Transcribe the records below line by line, exactly as they read.

# DATA SHOWN:
□ □ □ □ □ □ □
lemma subspace_chain_stabilizes:
  fixes D :: "nat \<Rightarrow> 'b set"
  assumes sub: "\<And>j. subspace (D j)" and bound: "\<And>j. D j \<subseteq> span W" "finite W"
    and chain: "mono D \<or> antimono D"
  shows "\<exists>k. \<forall>j\<ge>k. D j = D k"
proof -
  have dim_mono: "dim (D i) \<le> dim (D j)" if "D i \<subseteq> D j" for i j
    using dim_subset_finite_span[OF that bound] .
  have "mono (\<lambda>j. dim (D j)) \<or> antimono (\<lambda>j. dim (D j))"
    using chain by (auto intro!: monoI antimonoI dim_mono dest: monoD antimonoD)
  moreover have "dim (D j) \<le> card W" for j
    using dim_le_card[OF bound] .
  ultimately obtain k where k: "\<And>j. j \<ge> k \<Longrightarrow> dim (D j) = dim (D k)"
    using monotone_bounded_nat_seq_stabilizes[of "\<lambda>j. dim (D j)" "card W"] by blast
  have "D j = D k" if jk: "j \<ge> k" for j
    using chain
  proof
    assume "mono D"
    then show ?thesis
      using subspace_dim_equal_finite_span[OF sub monoD[OF \<open>mono D\<close> jk] bound] k[OF jk] by simp
  next
    assume "antimono D"
    then show ?thesis
      using subspace_dim_equal_finite_span[OF sub antimonoD[OF \<open>antimono D\<close> jk] bound] k[OF jk] by simp
  qed
  then show ?thesis by blast
qed

end

locale linear_endo = vector_space s
  for s :: "'k::field \<Rightarrow> 'm::ab_group_add \<Rightarrow> 'm" +
  fixes \<phi> :: "'m \<Rightarrow> 'm"
  assumes hom: "module_hom s s \<phi>"
begin

lemma module_hom_funpow: "module_hom s s (\<phi> ^^ j)"
proof (induction j)
  case 0
  show ?case
    using module_axioms by (simp add: module_hom_iff)
next
  case (Suc j)
  then show ?case
    using module_hom_compose[OF Suc hom] by (simp add: comp_def)
qed

lemma phi_zero [simp]: "\<phi> 0 = 0"
  using module_hom.zero[OF hom] .

lemmas pow_zero [simp] = module_hom.zero[OF module_hom_funpow]
  and pow_add = module_hom.add[OF module_hom_funpow]
  and pow_diff = module_hom.diff[OF module_hom_funpow]
  and pow_scale = module_hom.scale[OF module_hom_funpow]

lemma pow_eq_0_mono:
  assumes "(\<phi> ^^ m) v = 0" "m \<le> n"
  shows "(\<phi> ^^ n) v = 0"
proof -
  have "(\<phi> ^^ n) v = (\<phi> ^^ (n - m + m)) v"
    using assms(2) by simp
  also have "\<dots> = (\<phi> ^^ (n - m)) ((\<phi> ^^ m) v)"
    by (simp only: funpow_add comp_apply)
  finally show ?thesis
    using assms(1) by simp
qed

definition gen_kernel :: "'m set" where
  "gen_kernel = {v. \<exists>m. (\<phi> ^^ m) v = 0}"

definition stable_image :: "'m set" where
  "stable_image = {v. \<exists>B. finite B \<and> \<phi> ` span B \<subseteq> span B \<and> (\<forall>j. v \<in> (\<phi> ^^ j) ` span B)}"

definition locally_finite_part :: "'m set" where
  "locally_finite_part = {v. \<exists>B. finite B \<and> \<phi> ` span B \<subseteq> span B \<and> v \<in> span B}"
□ □ □ □ □ □ □
# TASK RESULT:
lemma subspace_chain_stabilizes:
  fixes D :: "nat \<Rightarrow> 'b set"
  assumes sub: "\<And>j. subspace (D j)" and bound: "\<And>j. D j \<subseteq> span W" "finite W"
    and chain: "mono D \<or> antimono D"
  shows "\<exists>k. \<forall>j\<ge>k. D j = D k"
proof -
  have dim_mono: "dim (D i) \<le> dim (D j)" if "D i \<subseteq> D j" for i j
    using dim_subset_finite_span[OF that bound] .
  have "mono (\<lambda>j. dim (D j)) \<or> antimono (\<lambda>j. dim (D j))"
    using chain by (auto intro!: monoI antimonoI dim_mono dest: monoD antimonoD)
  moreover have "dim (D j) \<le> card W" for j
    using dim_le_card[OF bound] .
  ultimately obtain k where k: "\<And>j. j \<ge> k \<Longrightarrow> dim (D j) = dim (D k)"
    using monotone_bounded_nat_seq_stabilizes[of "\<lambda>j. dim (D j)" "card W"] by blast
  have "D j = D k" if jk: "j \<ge> k" for j
    using chain
  proof
    assume "mono D"
    then show ?thesis
      using subspace_dim_equal_finite_span[OF sub monoD[OF \<open>mono D\<close> jk] bound] k[OF jk] by simp
  next
    assume "antimono D"
    then show ?thesis
      using subspace_dim_equal_finite_span[OF sub antimonoD[OF \<open>antimono D\<close> jk] bound] k[OF jk] by simp
  qed
  then show ?thesis by blast
qed

end

locale linear_endo = vector_space s
  for s :: "'k::field \<Rightarrow> 'm::ab_group_add \<Rightarrow> 'm" +
  fixes \<phi> :: "'m \<Rightarrow> 'm"
  assumes hom: "module_hom s s \<phi>"
begin

lemma module_hom_funpow: "module_hom s s (\<phi> ^^ j)"
proof (induction j)
  case 0
  show ?case
    using module_axioms by (simp add: module_hom_iff)
next
  case (Suc j)
  then show ?case
    using module_hom_compose[OF Suc hom] by (simp add: comp_def)
qed

lemma phi_zero [simp]: "\<phi> 0 = 0"
  using module_hom.zero[OF hom] .

lemmas pow_zero [simp] = module_hom.zero[OF module_hom_funpow]
  and pow_add = module_hom.add[OF module_hom_funpow]
  and pow_diff = module_hom.diff[OF module_hom_funpow]
  and pow_scale = module_hom.scale[OF module_hom_funpow]

lemma pow_eq_0_mono:
  assumes "(\<phi> ^^ m) v = 0" "m \<le> n"
  shows "(\<phi> ^^ n) v = 0"
proof -
  have "(\<phi> ^^ n) v = (\<phi> ^^ (n - m + m)) v"
    using assms(2) by simp
  also have "\<dots> = (\<phi> ^^ (n - m)) ((\<phi> ^^ m) v)"
    by (simp only: funpow_add comp_apply)
  finally show ?thesis
    using assms(1) by simp
qed

definition gen_kernel :: "'m set" where
  "gen_kernel = {v. \<exists>m. (\<phi> ^^ m) v = 0}"

definition stable_image :: "'m set" where
  "stable_image = {v. \<exists>B. finite B \<and> \<phi> ` span B \<subseteq> span B \<and> (\<forall>j. v \<in> (\<phi> ^^ j) ` span B)}"

definition locally_finite_part :: "'m set" where
  "locally_finite_part = {v. \<exists>B. finite B \<and> \<phi> ` span B \<subseteq> span B \<and> v \<in> span B}"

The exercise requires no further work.